Assignment:
Repeat exactly, and only, the lines of the entries below from the one with "w \<Longrightarrow> 0" through the one with "using assms by", both ends included.

+++

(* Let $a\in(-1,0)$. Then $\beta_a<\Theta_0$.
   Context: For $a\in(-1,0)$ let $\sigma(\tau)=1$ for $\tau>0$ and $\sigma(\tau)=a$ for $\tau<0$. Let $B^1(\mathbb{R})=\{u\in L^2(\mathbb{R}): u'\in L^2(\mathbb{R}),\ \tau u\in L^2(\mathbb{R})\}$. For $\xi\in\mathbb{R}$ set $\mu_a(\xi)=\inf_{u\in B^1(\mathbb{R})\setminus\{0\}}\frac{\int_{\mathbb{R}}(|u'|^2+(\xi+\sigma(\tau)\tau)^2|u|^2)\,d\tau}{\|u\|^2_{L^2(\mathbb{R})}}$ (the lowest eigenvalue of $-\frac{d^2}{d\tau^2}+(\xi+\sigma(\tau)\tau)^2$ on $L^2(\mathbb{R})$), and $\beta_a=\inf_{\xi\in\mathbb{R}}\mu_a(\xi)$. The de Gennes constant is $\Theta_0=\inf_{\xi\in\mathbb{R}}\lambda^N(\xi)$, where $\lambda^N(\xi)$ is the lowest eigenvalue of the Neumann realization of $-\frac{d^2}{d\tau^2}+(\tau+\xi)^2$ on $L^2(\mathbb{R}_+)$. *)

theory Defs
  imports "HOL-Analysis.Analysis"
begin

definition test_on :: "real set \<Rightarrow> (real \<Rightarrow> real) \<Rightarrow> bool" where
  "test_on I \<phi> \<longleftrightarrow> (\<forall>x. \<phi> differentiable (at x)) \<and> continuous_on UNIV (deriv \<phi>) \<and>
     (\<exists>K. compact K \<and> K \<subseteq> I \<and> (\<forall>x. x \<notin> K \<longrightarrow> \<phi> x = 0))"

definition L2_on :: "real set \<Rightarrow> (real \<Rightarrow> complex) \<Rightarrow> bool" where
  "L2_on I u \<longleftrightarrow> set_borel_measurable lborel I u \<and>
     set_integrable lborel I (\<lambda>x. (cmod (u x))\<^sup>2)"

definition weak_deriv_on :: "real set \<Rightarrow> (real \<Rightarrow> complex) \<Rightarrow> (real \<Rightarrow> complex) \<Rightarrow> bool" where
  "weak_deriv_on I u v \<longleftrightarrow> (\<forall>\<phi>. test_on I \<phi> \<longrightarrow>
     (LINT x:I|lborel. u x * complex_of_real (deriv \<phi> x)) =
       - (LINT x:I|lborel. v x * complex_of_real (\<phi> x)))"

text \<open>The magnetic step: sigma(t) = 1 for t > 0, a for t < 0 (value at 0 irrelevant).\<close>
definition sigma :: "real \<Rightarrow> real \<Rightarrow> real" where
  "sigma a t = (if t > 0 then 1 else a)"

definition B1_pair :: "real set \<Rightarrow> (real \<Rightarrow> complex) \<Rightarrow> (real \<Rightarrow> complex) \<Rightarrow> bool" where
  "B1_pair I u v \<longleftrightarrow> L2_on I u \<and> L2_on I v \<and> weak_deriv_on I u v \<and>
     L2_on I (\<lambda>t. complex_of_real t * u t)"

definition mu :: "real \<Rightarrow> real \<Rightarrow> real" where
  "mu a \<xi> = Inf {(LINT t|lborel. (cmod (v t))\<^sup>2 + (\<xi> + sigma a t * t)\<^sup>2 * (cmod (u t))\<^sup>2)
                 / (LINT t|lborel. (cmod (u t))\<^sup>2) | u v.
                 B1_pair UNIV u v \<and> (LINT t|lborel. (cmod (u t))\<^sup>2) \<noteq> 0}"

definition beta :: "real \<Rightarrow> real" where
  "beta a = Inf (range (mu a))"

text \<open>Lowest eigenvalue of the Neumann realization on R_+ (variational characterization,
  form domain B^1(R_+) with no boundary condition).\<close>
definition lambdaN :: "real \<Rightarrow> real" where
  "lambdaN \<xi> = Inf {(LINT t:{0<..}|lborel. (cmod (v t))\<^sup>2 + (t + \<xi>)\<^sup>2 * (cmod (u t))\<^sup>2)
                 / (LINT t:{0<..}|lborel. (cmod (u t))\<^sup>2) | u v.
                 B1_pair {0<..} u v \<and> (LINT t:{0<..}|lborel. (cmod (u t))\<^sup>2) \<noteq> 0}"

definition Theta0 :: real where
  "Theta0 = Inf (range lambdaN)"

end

+++

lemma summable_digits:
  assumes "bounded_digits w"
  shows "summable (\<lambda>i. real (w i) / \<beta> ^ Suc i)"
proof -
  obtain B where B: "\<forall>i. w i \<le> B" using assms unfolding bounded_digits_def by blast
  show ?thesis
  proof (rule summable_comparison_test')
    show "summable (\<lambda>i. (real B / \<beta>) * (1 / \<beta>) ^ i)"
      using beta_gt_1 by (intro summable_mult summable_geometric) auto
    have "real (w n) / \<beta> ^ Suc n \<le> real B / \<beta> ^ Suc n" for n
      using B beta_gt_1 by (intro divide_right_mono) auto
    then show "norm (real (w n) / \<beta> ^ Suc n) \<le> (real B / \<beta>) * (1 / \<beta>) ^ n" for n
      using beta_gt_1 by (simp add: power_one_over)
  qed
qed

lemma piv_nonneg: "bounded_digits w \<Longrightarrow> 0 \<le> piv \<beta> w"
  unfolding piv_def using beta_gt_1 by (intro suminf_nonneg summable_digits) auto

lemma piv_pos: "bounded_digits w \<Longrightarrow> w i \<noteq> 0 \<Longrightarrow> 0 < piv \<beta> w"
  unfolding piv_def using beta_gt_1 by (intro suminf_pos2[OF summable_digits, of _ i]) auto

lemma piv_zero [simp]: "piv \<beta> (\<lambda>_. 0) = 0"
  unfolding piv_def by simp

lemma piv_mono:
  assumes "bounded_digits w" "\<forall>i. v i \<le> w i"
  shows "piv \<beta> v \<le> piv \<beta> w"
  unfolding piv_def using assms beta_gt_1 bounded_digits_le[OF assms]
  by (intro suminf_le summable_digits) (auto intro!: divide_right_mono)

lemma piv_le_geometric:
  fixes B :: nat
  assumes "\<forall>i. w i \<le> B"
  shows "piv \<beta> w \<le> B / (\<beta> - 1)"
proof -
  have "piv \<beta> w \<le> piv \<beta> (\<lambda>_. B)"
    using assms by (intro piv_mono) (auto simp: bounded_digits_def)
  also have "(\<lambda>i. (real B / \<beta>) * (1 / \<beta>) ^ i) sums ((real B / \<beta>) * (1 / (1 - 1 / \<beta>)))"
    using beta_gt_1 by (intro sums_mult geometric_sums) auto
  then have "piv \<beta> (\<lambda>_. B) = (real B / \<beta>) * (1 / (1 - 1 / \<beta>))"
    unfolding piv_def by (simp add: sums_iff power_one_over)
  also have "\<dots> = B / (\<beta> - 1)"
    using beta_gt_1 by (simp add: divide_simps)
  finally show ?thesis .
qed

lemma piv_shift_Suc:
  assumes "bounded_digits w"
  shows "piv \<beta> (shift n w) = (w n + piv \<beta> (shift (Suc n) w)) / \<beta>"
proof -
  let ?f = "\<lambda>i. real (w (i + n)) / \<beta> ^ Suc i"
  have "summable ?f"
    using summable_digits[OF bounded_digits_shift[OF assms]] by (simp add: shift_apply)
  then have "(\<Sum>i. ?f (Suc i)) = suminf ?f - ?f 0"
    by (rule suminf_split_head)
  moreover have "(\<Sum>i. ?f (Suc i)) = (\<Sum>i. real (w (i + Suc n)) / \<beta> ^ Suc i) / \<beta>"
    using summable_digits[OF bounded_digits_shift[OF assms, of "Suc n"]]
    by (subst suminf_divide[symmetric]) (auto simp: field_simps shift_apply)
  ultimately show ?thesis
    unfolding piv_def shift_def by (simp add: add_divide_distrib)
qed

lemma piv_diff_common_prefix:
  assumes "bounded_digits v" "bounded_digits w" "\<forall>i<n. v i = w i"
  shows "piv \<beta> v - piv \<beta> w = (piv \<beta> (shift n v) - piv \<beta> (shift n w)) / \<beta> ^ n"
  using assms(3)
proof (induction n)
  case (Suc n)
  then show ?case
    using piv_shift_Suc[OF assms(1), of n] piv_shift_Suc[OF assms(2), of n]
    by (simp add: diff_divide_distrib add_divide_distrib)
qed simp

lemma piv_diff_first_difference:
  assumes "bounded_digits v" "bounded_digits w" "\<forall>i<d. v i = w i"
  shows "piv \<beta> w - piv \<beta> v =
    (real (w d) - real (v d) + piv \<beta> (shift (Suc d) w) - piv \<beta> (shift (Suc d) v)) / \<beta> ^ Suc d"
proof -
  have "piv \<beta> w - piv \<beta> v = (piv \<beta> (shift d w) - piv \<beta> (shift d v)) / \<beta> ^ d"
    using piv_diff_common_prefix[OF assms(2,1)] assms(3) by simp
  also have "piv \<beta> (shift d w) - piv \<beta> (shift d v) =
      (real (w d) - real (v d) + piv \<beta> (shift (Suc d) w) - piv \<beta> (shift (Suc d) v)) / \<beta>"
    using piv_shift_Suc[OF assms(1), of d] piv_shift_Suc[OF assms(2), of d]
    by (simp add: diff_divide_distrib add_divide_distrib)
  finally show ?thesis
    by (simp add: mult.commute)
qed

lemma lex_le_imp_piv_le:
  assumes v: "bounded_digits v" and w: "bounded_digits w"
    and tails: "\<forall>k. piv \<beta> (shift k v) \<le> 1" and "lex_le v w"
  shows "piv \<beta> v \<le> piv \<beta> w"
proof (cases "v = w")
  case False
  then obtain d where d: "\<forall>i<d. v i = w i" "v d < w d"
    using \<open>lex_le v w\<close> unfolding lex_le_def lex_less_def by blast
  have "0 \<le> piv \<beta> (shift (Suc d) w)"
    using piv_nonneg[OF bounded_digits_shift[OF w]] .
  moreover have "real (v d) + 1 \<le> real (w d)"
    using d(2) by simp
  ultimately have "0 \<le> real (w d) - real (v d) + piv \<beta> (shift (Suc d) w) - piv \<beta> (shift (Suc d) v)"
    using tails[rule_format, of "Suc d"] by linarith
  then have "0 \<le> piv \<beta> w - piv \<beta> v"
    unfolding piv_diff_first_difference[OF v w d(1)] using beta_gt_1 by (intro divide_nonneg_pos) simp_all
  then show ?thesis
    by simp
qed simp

+++

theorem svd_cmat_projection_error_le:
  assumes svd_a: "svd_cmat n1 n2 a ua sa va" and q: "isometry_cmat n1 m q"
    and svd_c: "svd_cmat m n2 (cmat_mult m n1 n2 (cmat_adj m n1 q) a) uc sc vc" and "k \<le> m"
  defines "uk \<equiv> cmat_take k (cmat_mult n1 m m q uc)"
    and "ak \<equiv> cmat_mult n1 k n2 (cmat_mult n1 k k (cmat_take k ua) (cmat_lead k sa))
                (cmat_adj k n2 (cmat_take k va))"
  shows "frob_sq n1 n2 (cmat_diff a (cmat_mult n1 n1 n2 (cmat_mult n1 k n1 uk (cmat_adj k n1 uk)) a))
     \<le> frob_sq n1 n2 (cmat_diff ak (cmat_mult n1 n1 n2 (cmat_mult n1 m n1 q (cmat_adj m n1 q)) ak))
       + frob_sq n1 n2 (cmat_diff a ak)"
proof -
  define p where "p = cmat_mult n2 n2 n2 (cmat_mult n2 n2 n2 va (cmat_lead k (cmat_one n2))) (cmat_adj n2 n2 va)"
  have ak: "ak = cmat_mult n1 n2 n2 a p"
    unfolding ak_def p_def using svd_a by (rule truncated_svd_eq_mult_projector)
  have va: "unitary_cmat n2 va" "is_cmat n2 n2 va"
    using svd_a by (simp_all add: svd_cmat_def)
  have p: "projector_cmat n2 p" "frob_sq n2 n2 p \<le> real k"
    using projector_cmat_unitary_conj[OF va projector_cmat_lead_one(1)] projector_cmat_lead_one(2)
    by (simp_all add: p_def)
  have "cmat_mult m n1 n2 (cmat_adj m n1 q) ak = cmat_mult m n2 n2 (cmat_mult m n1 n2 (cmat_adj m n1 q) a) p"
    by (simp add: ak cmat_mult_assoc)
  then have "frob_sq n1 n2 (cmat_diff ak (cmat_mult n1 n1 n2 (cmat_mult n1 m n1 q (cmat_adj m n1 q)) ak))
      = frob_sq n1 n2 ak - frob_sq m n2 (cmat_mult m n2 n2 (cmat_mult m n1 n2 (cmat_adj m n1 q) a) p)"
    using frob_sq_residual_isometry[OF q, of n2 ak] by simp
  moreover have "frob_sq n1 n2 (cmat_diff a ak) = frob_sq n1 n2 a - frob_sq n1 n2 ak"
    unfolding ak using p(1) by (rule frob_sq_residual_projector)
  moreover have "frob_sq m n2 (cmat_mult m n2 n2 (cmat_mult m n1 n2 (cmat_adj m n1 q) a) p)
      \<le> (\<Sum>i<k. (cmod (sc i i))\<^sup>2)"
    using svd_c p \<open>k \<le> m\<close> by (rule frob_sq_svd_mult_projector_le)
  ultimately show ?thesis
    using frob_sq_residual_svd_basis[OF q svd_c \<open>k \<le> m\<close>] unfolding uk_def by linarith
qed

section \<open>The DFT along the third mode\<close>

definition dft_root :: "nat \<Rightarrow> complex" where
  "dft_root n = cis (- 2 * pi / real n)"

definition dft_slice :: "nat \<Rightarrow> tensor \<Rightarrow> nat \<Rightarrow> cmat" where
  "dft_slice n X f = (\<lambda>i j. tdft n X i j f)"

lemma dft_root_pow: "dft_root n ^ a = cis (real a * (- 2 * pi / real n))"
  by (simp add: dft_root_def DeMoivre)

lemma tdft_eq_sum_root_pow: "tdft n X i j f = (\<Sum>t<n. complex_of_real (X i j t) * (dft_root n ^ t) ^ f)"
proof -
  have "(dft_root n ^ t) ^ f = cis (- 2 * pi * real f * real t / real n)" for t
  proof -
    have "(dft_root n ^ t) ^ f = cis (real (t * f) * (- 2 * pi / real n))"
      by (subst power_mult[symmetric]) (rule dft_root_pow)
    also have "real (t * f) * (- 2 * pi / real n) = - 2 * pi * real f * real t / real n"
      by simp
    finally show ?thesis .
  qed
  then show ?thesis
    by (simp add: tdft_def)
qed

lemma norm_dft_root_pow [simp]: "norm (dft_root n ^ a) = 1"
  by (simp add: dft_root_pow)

+++

Result of the task:
lemma piv_nonneg: "bounded_digits w \<Longrightarrow> 0 \<le> piv \<beta> w"
  unfolding piv_def using beta_gt_1 by (intro suminf_nonneg summable_digits) auto

lemma piv_pos: "bounded_digits w \<Longrightarrow> w i \<noteq> 0 \<Longrightarrow> 0 < piv \<beta> w"
  unfolding piv_def using beta_gt_1 by (intro suminf_pos2[OF summable_digits, of _ i]) auto

lemma piv_zero [simp]: "piv \<beta> (\<lambda>_. 0) = 0"
  unfolding piv_def by simp

lemma piv_mono:
  assumes "bounded_digits w" "\<forall>i. v i \<le> w i"
  shows "piv \<beta> v \<le> piv \<beta> w"
  unfolding piv_def using assms beta_gt_1 bounded_digits_le[OF assms]
  by (intro suminf_le summable_digits) (auto intro!: divide_right_mono)

lemma piv_le_geometric:
  fixes B :: nat
  assumes "\<forall>i. w i \<le> B"
  shows "piv \<beta> w \<le> B / (\<beta> - 1)"
proof -
  have "piv \<beta> w \<le> piv \<beta> (\<lambda>_. B)"
    using assms by (intro piv_mono) (auto simp: bounded_digits_def)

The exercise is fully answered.